Write out the listing below exactly, beginning at its first line and ending with the line that contains "fix u assume".
(Material provided)
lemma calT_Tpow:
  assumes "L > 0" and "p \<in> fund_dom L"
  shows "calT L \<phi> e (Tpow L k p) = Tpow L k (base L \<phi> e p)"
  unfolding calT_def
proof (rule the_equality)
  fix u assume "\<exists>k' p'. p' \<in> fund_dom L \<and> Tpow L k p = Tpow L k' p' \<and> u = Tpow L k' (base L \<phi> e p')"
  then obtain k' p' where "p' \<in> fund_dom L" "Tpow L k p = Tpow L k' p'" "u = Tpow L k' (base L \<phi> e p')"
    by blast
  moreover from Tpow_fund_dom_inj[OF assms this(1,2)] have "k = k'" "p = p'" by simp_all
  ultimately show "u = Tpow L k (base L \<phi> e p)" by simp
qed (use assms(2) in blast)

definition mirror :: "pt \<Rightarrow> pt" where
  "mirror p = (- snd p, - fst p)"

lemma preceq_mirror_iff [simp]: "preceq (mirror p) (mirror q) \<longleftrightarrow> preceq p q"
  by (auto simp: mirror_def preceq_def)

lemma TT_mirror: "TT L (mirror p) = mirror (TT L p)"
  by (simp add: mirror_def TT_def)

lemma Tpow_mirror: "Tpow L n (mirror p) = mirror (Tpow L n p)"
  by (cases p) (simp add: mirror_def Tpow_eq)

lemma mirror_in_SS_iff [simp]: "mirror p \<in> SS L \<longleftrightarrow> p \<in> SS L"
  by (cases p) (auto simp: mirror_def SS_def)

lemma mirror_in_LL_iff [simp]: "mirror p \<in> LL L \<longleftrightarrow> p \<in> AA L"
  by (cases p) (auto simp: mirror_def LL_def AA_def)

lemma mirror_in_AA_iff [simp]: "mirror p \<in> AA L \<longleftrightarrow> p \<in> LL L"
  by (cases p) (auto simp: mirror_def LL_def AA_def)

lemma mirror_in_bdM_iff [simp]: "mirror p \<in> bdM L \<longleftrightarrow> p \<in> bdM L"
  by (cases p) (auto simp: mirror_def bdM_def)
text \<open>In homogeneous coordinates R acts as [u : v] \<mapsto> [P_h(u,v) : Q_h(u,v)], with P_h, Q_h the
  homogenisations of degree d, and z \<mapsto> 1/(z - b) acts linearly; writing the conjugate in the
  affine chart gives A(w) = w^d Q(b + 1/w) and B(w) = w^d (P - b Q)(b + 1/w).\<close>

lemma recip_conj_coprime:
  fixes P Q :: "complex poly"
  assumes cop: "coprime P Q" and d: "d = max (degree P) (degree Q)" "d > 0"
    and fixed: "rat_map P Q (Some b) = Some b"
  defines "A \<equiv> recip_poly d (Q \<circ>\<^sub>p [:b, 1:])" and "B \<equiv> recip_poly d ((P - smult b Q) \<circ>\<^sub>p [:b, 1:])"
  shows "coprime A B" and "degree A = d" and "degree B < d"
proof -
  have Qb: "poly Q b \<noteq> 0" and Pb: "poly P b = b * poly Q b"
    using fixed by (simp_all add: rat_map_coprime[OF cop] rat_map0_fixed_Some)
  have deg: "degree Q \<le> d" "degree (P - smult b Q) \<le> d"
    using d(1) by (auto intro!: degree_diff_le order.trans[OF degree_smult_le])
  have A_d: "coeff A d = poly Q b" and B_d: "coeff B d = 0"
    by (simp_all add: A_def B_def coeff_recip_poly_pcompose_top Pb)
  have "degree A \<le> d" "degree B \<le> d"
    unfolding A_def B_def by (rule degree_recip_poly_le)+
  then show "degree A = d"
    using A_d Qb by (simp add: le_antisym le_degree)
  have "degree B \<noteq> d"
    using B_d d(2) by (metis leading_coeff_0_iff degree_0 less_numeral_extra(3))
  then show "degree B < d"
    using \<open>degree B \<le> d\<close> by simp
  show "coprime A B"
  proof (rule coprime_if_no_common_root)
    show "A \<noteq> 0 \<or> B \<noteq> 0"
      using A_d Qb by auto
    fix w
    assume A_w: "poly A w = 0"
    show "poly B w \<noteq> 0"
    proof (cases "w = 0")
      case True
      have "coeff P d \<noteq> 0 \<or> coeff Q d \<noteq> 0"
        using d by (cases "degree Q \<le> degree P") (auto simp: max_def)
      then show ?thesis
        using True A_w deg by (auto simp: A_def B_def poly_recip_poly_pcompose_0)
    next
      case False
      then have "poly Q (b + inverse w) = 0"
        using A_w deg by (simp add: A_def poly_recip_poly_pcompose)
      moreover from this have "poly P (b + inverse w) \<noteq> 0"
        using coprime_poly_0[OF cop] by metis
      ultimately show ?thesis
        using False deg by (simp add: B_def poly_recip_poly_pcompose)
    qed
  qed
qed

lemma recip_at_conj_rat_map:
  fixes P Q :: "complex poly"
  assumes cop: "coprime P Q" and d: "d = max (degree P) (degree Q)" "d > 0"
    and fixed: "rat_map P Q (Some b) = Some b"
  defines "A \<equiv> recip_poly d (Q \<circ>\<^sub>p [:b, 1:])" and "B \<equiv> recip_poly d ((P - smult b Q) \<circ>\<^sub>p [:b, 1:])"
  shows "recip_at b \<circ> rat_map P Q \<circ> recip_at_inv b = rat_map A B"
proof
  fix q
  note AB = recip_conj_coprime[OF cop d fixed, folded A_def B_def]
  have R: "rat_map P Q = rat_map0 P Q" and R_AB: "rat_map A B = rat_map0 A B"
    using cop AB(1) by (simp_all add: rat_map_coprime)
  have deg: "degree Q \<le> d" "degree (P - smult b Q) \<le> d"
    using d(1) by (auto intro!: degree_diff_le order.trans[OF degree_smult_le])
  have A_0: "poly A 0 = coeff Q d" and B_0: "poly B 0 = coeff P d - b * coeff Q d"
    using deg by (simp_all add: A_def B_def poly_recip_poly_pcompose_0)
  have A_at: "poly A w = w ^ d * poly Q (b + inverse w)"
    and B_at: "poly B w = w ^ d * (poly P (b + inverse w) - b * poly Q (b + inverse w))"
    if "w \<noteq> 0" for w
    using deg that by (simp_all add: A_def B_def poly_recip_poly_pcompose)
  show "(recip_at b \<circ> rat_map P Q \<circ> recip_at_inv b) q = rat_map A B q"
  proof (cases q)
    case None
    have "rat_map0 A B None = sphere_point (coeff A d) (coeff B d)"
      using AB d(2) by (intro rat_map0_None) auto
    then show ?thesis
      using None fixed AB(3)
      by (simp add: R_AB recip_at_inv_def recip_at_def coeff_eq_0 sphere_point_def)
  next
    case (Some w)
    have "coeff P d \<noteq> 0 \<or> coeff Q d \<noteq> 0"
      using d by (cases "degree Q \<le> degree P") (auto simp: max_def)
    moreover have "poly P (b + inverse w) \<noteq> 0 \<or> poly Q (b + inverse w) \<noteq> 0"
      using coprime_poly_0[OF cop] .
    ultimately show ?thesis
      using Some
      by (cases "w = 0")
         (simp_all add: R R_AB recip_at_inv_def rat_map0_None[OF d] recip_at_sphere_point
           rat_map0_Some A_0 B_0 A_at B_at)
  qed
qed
(End Material provided)
● Exercise solution:
lemma calT_Tpow:
  assumes "L > 0" and "p \<in> fund_dom L"
  shows "calT L \<phi> e (Tpow L k p) = Tpow L k (base L \<phi> e p)"
  unfolding calT_def
proof (rule the_equality)
  fix u assume "\<exists>k' p'. p' \<in> fund_dom L \<and> Tpow L k p = Tpow L k' p' \<and> u = Tpow L k' (base L \<phi> e p')"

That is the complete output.